Race condition in xprt_disconnect

[Olaf Kirch <okir@suse.de>]

[-- Attachment #1: Type: text/plain, Size: 737 bytes --]

Hi,

it seems bad things can happen if two RPC processes call xprt_disconnect
at the same time.
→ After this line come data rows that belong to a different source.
lemma pasc_stage1_inv_foldl:
  assumes "ths > 0"
  shows "pasc_stage1_inv ths (length xs) (foldl (pasc_step1 ths) (ths / 2, 0) xs)"
proof (induction xs rule: rev_induct)
  case Nil
  show ?case using assms by (auto simp: pasc_stage1_inv_def intro!: exI[of _ 0])
next
  case (snoc x xs)
  then show ?case using pasc_stage1_inv_step by simp
qed

lemma pasc_step2_fixed:
  assumes "0 \<le> m" "m < ths"
  shows "pasc_step2 ths (m, s) = (m, s)"
  using assms by (simp add: pasc_step2_def)

lemma funpow_pasc_step2:
  assumes "ths > 0" and "j = max (- int n) (min (int n) \<lfloor>m / ths\<rfloor>)"
  shows "(pasc_step2 ths ^^ n) (m, of_int k * ths) = (m - of_int j * ths, of_int (k + j) * ths)"
  using assms(2)
proof (induction n arbitrary: m k j)
  case 0
  then show ?case by simp
next
  case (Suc n)
  consider "ths \<le> m" | "m < 0" | "0 \<le> m" "m < ths" by linarith
  then show ?case
  proof cases
    case 1
    have "1 \<le> \<lfloor>m / ths\<rfloor>"
      using 1 assms(1) by (simp add: le_floor_iff)
    moreover have "\<lfloor>(m - ths) / ths\<rfloor> = \<lfloor>m / ths\<rfloor> - 1"
      using assms(1) by (simp add: diff_divide_distrib)
    ultimately have "(pasc_step2 ths ^^ n) (m - ths, of_int (k + 1) * ths)
        = (m - ths - of_int (j - 1) * ths, of_int (k + 1 + (j - 1)) * ths)"
      using Suc.prems by (intro Suc.IH) linarith
    moreover have "pasc_step2 ths (m, of_int k * ths) = (m - ths, of_int (k + 1) * ths)"
      using 1 by (simp add: pasc_step2_def algebra_simps)
    ultimately show ?thesis
      by (simp add: funpow_Suc_right algebra_simps del: funpow.simps)
  next
    case 2
    have "\<lfloor>m / ths\<rfloor> < 0"
      using 2 assms(1) by (simp add: floor_less_iff divide_less_0_iff)
    moreover have "\<lfloor>(m + ths) / ths\<rfloor> = \<lfloor>m / ths\<rfloor> + 1"
      using assms(1) by (simp add: add_divide_distrib)
    ultimately have "(pasc_step2 ths ^^ n) (m + ths, of_int (k - 1) * ths)
        = (m + ths - of_int (j + 1) * ths, of_int (k - 1 + (j + 1)) * ths)"
      using Suc.prems by (intro Suc.IH) linarith
    moreover have "pasc_step2 ths (m, of_int k * ths) = (m + ths, of_int (k - 1) * ths)"
      using 2 assms(1) by (simp add: pasc_step2_def algebra_simps)
    ultimately show ?thesis
      by (simp add: funpow_Suc_right algebra_simps del: funpow.simps)
  next
    case 3
    then have "\<lfloor>m / ths\<rfloor> = 0"
      using assms(1) by (simp add: floor_eq_iff)
    with 3 Suc show ?thesis
      by (simp add: funpow_Suc_right pasc_step2_fixed del: funpow.simps)
  qed
qed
I have two bug reports of ppc machines oopsing
somewhere deep in some SELinux functions because inode->i_security
is NULL. inode->i_security is allocated when the inode is created,
and cleared when the inode is destroyed.

The stack looks something like 
xprt_disconnect->sock_release->...->selinux_foofah

The only way I can see this happening is if sock_release is called twice,
and indeed we do not seem to protect against this. Please take a look
at the attached patch. It should prevent these oopses, but I'm not
entirely sure it's safe.

Thanks,
Olaf
-- 
Olaf Kirch     |  The Hardware Gods hate me.
okir@suse.de   |
---------------+ 

[-- Attachment #2: sunrpc-disconnect-race --]
[-- Type: text/plain, Size: 2849 bytes --]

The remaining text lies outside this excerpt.